(* Let $(\mathbf f,\mathbf g)$ be a vector admissible system, $\epsilon\in\mathcal E$, $L,w\in\mathbb N$, and let $\mathbf X\in\mathcal X^{2L+w}$ be a fixed point of the one-sided spatially-coupled system. Then $$\mathrm{vec}\big(U'(\mathbf X;\epsilon)\big)\cdot\mathrm{vec}(\mathbf S\mathbf X-\mathbf X)=0,$$ where $U'(\mathbf X;\epsilon)$ is the matrix of partial derivatives $[U'(\mathbf X;\epsilon)]_{i,j}=\partial U(\mathbf X;\epsilon)/\partial x_{i,j}$ of the coupled-system potential.
   Context: Let $d\in\mathbb N$, $\mathcal X=[0,1]^d$, $\mathcal E=[0,1]$, $\mathcal X^\circ=\mathcal X\setminus\{\mathbf 0\}$; vectors are row vectors and $\mathbf x\preceq\mathbf y$ means $x_i\le y_i$ for all $i$. Let $\mathbf D$ be a $d\times d$ positive diagonal matrix, $\mathbf f:\mathcal X\times\mathcal E\to\mathcal X$, $\mathbf g:\mathcal X\to\mathcal X$, and $F,G$ scalar functionals with $\nabla_{\mathbf x}F(\mathbf x;\epsilon)=\mathbf f(\mathbf x;\epsilon)\mathbf D$, $\nabla G(\mathbf x)=\mathbf g(\mathbf x)\mathbf D$, $F(\mathbf 0;\epsilon)=G(\mathbf 0)=0$. $(\mathbf f,\mathbf g)$ is a vector admissible system if: (i) $\mathbf f,\mathbf g$ are $C^2$; (ii) $\mathbf f(\mathbf x;\epsilon)$, $\mathbf g(\mathbf x)$ are non-decreasing in $\mathbf x$ w.r.t. $\preceq$; (iii) for $\mathbf x\in\mathcal X^\circ$, $\epsilon_1<\epsilon_2$ implies $\mathbf f(\mathbf x;\epsilon_1)\preceq\mathbf f(\mathbf x;\epsilon_2)$ and $\mathbf f(\mathbf x;\epsilon_1)\ne\mathbf f(\mathbf x;\epsilon_2)$; (iv) $\mathbf f(\mathbf 0;\epsilon)=\mathbf f(\mathbf x;0)=\mathbf g(\mathbf 0)=\mathbf 0$, $F(\mathbf x;0)=0$. Matrices $\mathbf X\in\mathcal X^{2L+w}$ have rows $\mathbf x_{-L},\dots,\mathbf x_{L+w-1}$; vector functions act row-wise. $\mathbf A$ is the $(2L+1)\times(2L+w)$ matrix with rows indexed by $j\in\{-L,\dots,L\}$, columns by $k\in\{-L,\dots,L+w-1\}$, $A_{j,k}=1/w$ if $0\le k-j\le w-1$ and $0$ otherwise. Coupled-system potential: $U(\mathbf X;\epsilon)=\mathrm{Tr}(\mathbf g(\mathbf X)\mathbf D\mathbf X^{\mathsf T})-\sum_{i}G(\mathbf x_i)-\sum_{j=-L}^{L}F([\mathbf A\mathbf g(\mathbf X)]_j;\epsilon)$. $\mathbf S$ is the down-shift: $[\mathbf S\mathbf X]_{-L}=\mathbf 0$, $[\mathbf S\mathbf X]_i=\mathbf x_{i-1}$ for $i>-L$. $\mathrm{vec}$ stacks columns. Let $\epsilon_i=\epsilon$ for $i\in\{-L,\dots,L\}$ and $\epsilon_i=0$ otherwise, and $i_0=\lfloor (w-1)/2\rfloor$. A fixed point of the one-sided spatially-coupled system is a matrix $\mathbf X$ (with the convention $\mathbf x_i=\mathbf 0$ for $i<-L$) such that $\mathbf x_i=\frac1w\sum_{k=0}^{w-1}\mathbf f\big(\frac1w\sum_{j=0}^{w-1}\mathbf g(\mathbf x_{i+j-k});\epsilon_{i-k}\big)$ for $-L\le i\le i_0$, and $\mathbf x_i=\mathbf x_{i_0}$ for $i_0<i\le L+w-1$. *)

theory Defs
  imports "HOL-Analysis.Analysis"
begin

definition cube :: "(real^'d) set" where
  "cube = {x. \<forall>i. 0 \<le> x$i \<and> x$i \<le> 1}"

definition vle :: "real^'d \<Rightarrow> real^'d \<Rightarrow> bool" where
  "vle x y \<longleftrightarrow> (\<forall>i. x$i \<le> y$i)"

definition C2_on :: "'a::real_normed_vector set \<Rightarrow> ('a \<Rightarrow> 'b::real_normed_vector) \<Rightarrow> bool" where
  "C2_on S h \<longleftrightarrow>
     (\<exists>h' :: 'a \<Rightarrow> ('a \<Rightarrow>\<^sub>L 'b). \<exists>h'' :: 'a \<Rightarrow> ('a \<Rightarrow>\<^sub>L ('a \<Rightarrow>\<^sub>L 'b)).
        (\<forall>x\<in>S. (h has_derivative blinfun_apply (h' x)) (at x within S)
              \<and> (h' has_derivative blinfun_apply (h'' x)) (at x within S))
        \<and> continuous_on S h'')"

text \<open>Vector admissible system (f,g) with potentials F, G and diagonal matrix D = diag dd.\<close>
definition vector_admissible ::
  "(real^'d \<Rightarrow> real \<Rightarrow> real^'d) \<Rightarrow> (real^'d \<Rightarrow> real^'d) \<Rightarrow>
   (real^'d \<Rightarrow> real \<Rightarrow> real) \<Rightarrow> (real^'d \<Rightarrow> real) \<Rightarrow> real^'d \<Rightarrow> bool" where
  "vector_admissible f g F G dd \<longleftrightarrow>
     (\<forall>c. 0 < dd$c)
   \<and> (\<forall>x\<in>cube. \<forall>e\<in>{0..1}. f x e \<in> cube)
   \<and> (\<forall>x\<in>cube. g x \<in> cube)
   \<and> (\<forall>e\<in>{0..1}. \<forall>x\<in>cube. ((\<lambda>y. F y e) has_derivative (\<lambda>h. \<Sum>c\<in>UNIV. f x e $ c * dd $ c * h $ c)) (at x within cube))
   \<and> (\<forall>x\<in>cube. (G has_derivative (\<lambda>h. \<Sum>c\<in>UNIV. g x $ c * dd $ c * h $ c)) (at x within cube))
   \<and> (\<forall>e\<in>{0..1}. F 0 e = 0) \<and> G 0 = 0
   \<and> C2_on (cube \<times> {0..1}) (\<lambda>p. f (fst p) (snd p))
   \<and> C2_on cube g
   \<and> (\<forall>e\<in>{0..1}. \<forall>x\<in>cube. \<forall>y\<in>cube. vle x y \<longrightarrow> vle (f x e) (f y e))
   \<and> (\<forall>x\<in>cube. \<forall>y\<in>cube. vle x y \<longrightarrow> vle (g x) (g y))
   \<and> (\<forall>x\<in>cube - {0}. \<forall>e1\<in>{0..1}. \<forall>e2\<in>{0..1}.
         e1 < e2 \<longrightarrow> vle (f x e1) (f x e2) \<and> f x e1 \<noteq> f x e2)
   \<and> (\<forall>e\<in>{0..1}. f 0 e = 0) \<and> (\<forall>x\<in>cube. f x 0 = 0) \<and> g 0 = 0
   \<and> (\<forall>x\<in>cube. F x 0 = 0)"

text \<open>Coupled-system potential U(X;e); the matrix X has rows X i, i = -L..L+w-1.\<close>
definition Ucp ::
  "(real^'d \<Rightarrow> real^'d) \<Rightarrow> (real^'d \<Rightarrow> real \<Rightarrow> real) \<Rightarrow> (real^'d \<Rightarrow> real) \<Rightarrow> real^'d \<Rightarrow>
   nat \<Rightarrow> nat \<Rightarrow> (int \<Rightarrow> real^'d) \<Rightarrow> real \<Rightarrow> real" where
  "Ucp g F G dd L w X e =
     (\<Sum>i\<in>{- int L .. int L + int w - 1}. \<Sum>c\<in>UNIV. g (X i) $ c * dd $ c * X i $ c)
   - (\<Sum>i\<in>{- int L .. int L + int w - 1}. G (X i))
   - (\<Sum>j\<in>{- int L .. int L}. F ((1 / real w) *\<^sub>R (\<Sum>k\<in>{j .. j + int w - 1}. g (X k))) e)"

definition one_sided_fp ::
  "(real^'d \<Rightarrow> real \<Rightarrow> real^'d) \<Rightarrow> (real^'d \<Rightarrow> real^'d) \<Rightarrow> nat \<Rightarrow> nat \<Rightarrow> real \<Rightarrow>
   (int \<Rightarrow> real^'d) \<Rightarrow> bool" where
  "one_sided_fp f g L w e X \<longleftrightarrow>
     (let i0 = (int w - 1) div 2;
          eps = (\<lambda>i::int. if - int L \<le> i \<and> i \<le> int L then e else 0)
      in (\<forall>i < - int L. X i = 0)
       \<and> (\<forall>i\<in>{- int L .. i0}.
            X i = (1 / real w) *\<^sub>R (\<Sum>k\<in>{0 .. int w - 1}.
                    f ((1 / real w) *\<^sub>R (\<Sum>j\<in>{0 .. int w - 1}. g (X (i + j - k)))) (eps (i - k))))
       \<and> (\<forall>i > i0. X i = X i0))"

definition shiftS :: "nat \<Rightarrow> (int \<Rightarrow> real^'d) \<Rightarrow> int \<Rightarrow> real^'d" where
  "shiftS L X i = (if i = - int L then 0 else X (i - 1))"

end

theory Submission
  imports Defs
begin

(* Write the coupled potential as
     U(X) = \<Sum>_i \<Psi>(x_i) - \<Sum>_j F(a_j),   \<Psi>(y) = <g(y) D, y> - G(y),   a_j = (1/w) \<Sum>_{k=j}^{j+w-1} g(x_k).
   Since \<nabla>G = g D, the derivative of \<Psi> at y in direction h is <g'(y) h D, y>: the product rule term
   <g(y) D, h> cancels against G.  Differentiating the coupling term by the chain rule gives
     \<partial>U/\<partial>x_{i,c} = <g'(x_i) e_c D, x_i - u_i>,   u_i = (1/w) \<Sum>_{j \<in> [-L,L], i-w<j\<le>i} f(a_j; \<epsilon>),
   where u_i is the "coupled update" of row i.  A one-sided fixed point satisfies x_i = u_i for
   -L \<le> i \<le> i0 (after reindexing its defining equation and using f(x;0) = 0), so these partial
   derivatives vanish; and for i > i0 the row is constant, so (S X - X)_i = 0.  Hence every term of
   vec(U') \<cdot> vec(S X - X) is zero. *)

lemma scaled_sum_in_cube:
  fixes h :: "'a \<Rightarrow> real^'d"
  assumes "finite A" "card A = n" "n > 0" "\<And>k. k \<in> A \<Longrightarrow> h k \<in> cube"
  shows "(1 / real n) *\<^sub>R (\<Sum>k\<in>A. h k) \<in> cube"
  unfolding cube_def
proof (intro CollectI allI conjI)
  fix c
  have bounds: "0 \<le> h k $ c" "h k $ c \<le> 1" if "k \<in> A" for k
    using assms(4)[OF that] by (auto simp: cube_def)
  have "0 \<le> (\<Sum>k\<in>A. h k $ c)" by (simp add: bounds sum_nonneg)
  moreover have "(\<Sum>k\<in>A. h k $ c) \<le> real n"
    using sum_mono[of A "\<lambda>k. h k $ c" "\<lambda>_. 1"] bounds assms(2) by simp
  ultimately show "0 \<le> ((1 / real n) *\<^sub>R (\<Sum>k\<in>A. h k)) $ c"
    "((1 / real n) *\<^sub>R (\<Sum>k\<in>A. h k)) $ c \<le> 1"
    using assms(3) by (auto simp: field_simps)
qed

definition window_avg :: "(real^'d \<Rightarrow> real^'d) \<Rightarrow> nat \<Rightarrow> (int \<Rightarrow> real^'d) \<Rightarrow> int \<Rightarrow> real^'d" where
  "window_avg g w X j = (1 / real w) *\<^sub>R (\<Sum>k\<in>{j .. j + int w - 1}. g (X k))"

lemma window_avg_in_cube:
  assumes "\<And>k. g (X k) \<in> cube" "w \<ge> 1"
  shows "window_avg g w X j \<in> cube"
  unfolding window_avg_def by (rule scaled_sum_in_cube) (use assms in auto)

definition row_potential :: "(real^'d \<Rightarrow> real^'d) \<Rightarrow> (real^'d \<Rightarrow> real) \<Rightarrow> real^'d \<Rightarrow> real^'d \<Rightarrow> real" where
  "row_potential g G dd y = (\<Sum>c\<in>UNIV. g y $ c * dd $ c * y $ c) - G y"

lemma Ucp_row_form:
  "Ucp g F G dd L w X e =
     (\<Sum>i\<in>{- int L .. int L + int w - 1}. row_potential g G dd (X i))
   - (\<Sum>j\<in>{- int L .. int L}. F (window_avg g w X j) e)"
  by (simp add: Ucp_def row_potential_def window_avg_def sum_subtractf)

text \<open>Because the gradient of G is g D, the product-rule term <g(x) D, h> cancels and only the
  variation of g survives in the derivative of the row potential.\<close>
lemma row_potential_derivative:
  assumes gd: "(g has_derivative g') (at x within S)"
    and Gd: "(G has_derivative (\<lambda>h. \<Sum>c\<in>UNIV. g x $ c * dd $ c * h $ c)) (at x within S)"
  shows "(row_potential g G dd has_derivative (\<lambda>h. \<Sum>c\<in>UNIV. g' h $ c * dd $ c * x $ c))
           (at x within S)"
proof -
  have coord: "((\<lambda>y. y $ c) has_derivative (\<lambda>h. h $ c)) (at x within S)" for c
    by (rule bounded_linear_imp_has_derivative[OF bounded_linear_vec_nth])
  have g_coord: "((\<lambda>y. g y $ c) has_derivative (\<lambda>h. g' h $ c)) (at x within S)" for c
    using bounded_linear.has_derivative[OF bounded_linear_vec_nth gd] .
  have product: "((\<lambda>y. g y $ c * dd $ c * y $ c) has_derivative
                   (\<lambda>h. g x $ c * dd $ c * h $ c + g' h $ c * dd $ c * x $ c)) (at x within S)" for c
    by (rule has_derivative_eq_rhs[OF has_derivative_mult[OF
          has_derivative_mult[OF g_coord has_derivative_const] coord]])
       (simp add: fun_eq_iff algebra_simps)
  have "(row_potential g G dd has_derivative
      (\<lambda>h. (\<Sum>c\<in>UNIV. g x $ c * dd $ c * h $ c + g' h $ c * dd $ c * x $ c)
         - (\<Sum>c\<in>UNIV. g x $ c * dd $ c * h $ c))) (at x within S)"
    unfolding row_potential_def by (intro has_derivative_diff has_derivative_sum product Gd)
  then show ?thesis by (simp add: sum.distrib)
qed

lemma sum_row_update_derivative:
  fixes \<phi> :: "'a \<Rightarrow> 'b::real_normed_vector"
  assumes "((\<lambda>t. \<phi> (\<gamma> t)) has_derivative D) W" "i \<in> I" "finite I"
  shows "((\<lambda>t. \<Sum>k\<in>I. \<phi> ((X(i := \<gamma> t)) k)) has_derivative D) W"
proof -
  have "(\<lambda>t. \<Sum>k\<in>I. \<phi> ((X(i := \<gamma> t)) k)) = (\<lambda>t. \<phi> (\<gamma> t) + (\<Sum>k\<in>I - {i}. \<phi> (X k)))"
    using assms(2,3) by (simp add: sum.remove)
  then show ?thesis
    using has_derivative_add[OF assms(1) has_derivative_const] by simp
qed

lemma window_avg_row_derivative:
  assumes "((\<lambda>t. g (\<gamma> t)) has_derivative (\<lambda>h. h *\<^sub>R v)) W"
  shows "((\<lambda>t. window_avg g w (X(i := \<gamma> t)) j) has_derivative
           (\<lambda>h. if i \<in> {j .. j + int w - 1} then (h / real w) *\<^sub>R v else 0)) W"
proof -
  have row: "((\<lambda>t. g ((X(i := \<gamma> t)) k)) has_derivative (\<lambda>h. if k = i then h *\<^sub>R v else 0)) W" for k
    using assms by (cases "k = i") auto
  have "((\<lambda>t. \<Sum>k\<in>{j .. j + int w - 1}. g ((X(i := \<gamma> t)) k)) has_derivative
          (\<lambda>h. \<Sum>k\<in>{j .. j + int w - 1}. if k = i then h *\<^sub>R v else 0)) W"
    by (rule has_derivative_sum) (rule row)
  from has_derivative_scaleR_right[OF this, of "1 / real w"] show ?thesis
    unfolding window_avg_def by (rule has_derivative_eq_rhs) (auto simp: fun_eq_iff)
qed

text \<open>It is the right-hand side of the fixed-point equation, and it appears in the
  gradient of the coupling term.\<close>
definition coupled_update ::
  "(real^'d \<Rightarrow> real \<Rightarrow> real^'d) \<Rightarrow> (real^'d \<Rightarrow> real^'d) \<Rightarrow> nat \<Rightarrow> nat \<Rightarrow> real \<Rightarrow>
   (int \<Rightarrow> real^'d) \<Rightarrow> int \<Rightarrow> real^'d" where
  "coupled_update f g L w e X i =
     (1 / real w) *\<^sub>R (\<Sum>j\<in>{- int L .. int L} \<inter> {i - int w + 1 .. i}. f (window_avg g w X j) e)"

▬▬▬▬▬▬

• WORK TO COMPLETE:
Only the lines above from the line with "in (\<forall>i < - int L. X i = 0)" to the line with "(* Write the coupled potential as", those two lines included, should be reproduced exactly.

• RESPONSE TO THE EXERCISE:
      in (\<forall>i < - int L. X i = 0)
       \<and> (\<forall>i\<in>{- int L .. i0}.
            X i = (1 / real w) *\<^sub>R (\<Sum>k\<in>{0 .. int w - 1}.
                    f ((1 / real w) *\<^sub>R (\<Sum>j\<in>{0 .. int w - 1}. g (X (i + j - k)))) (eps (i - k))))
       \<and> (\<forall>i > i0. X i = X i0))"

definition shiftS :: "nat \<Rightarrow> (int \<Rightarrow> real^'d) \<Rightarrow> int \<Rightarrow> real^'d" where
  "shiftS L X i = (if i = - int L then 0 else X (i - 1))"

end

theory Submission
  imports Defs
begin

(* Write the coupled potential as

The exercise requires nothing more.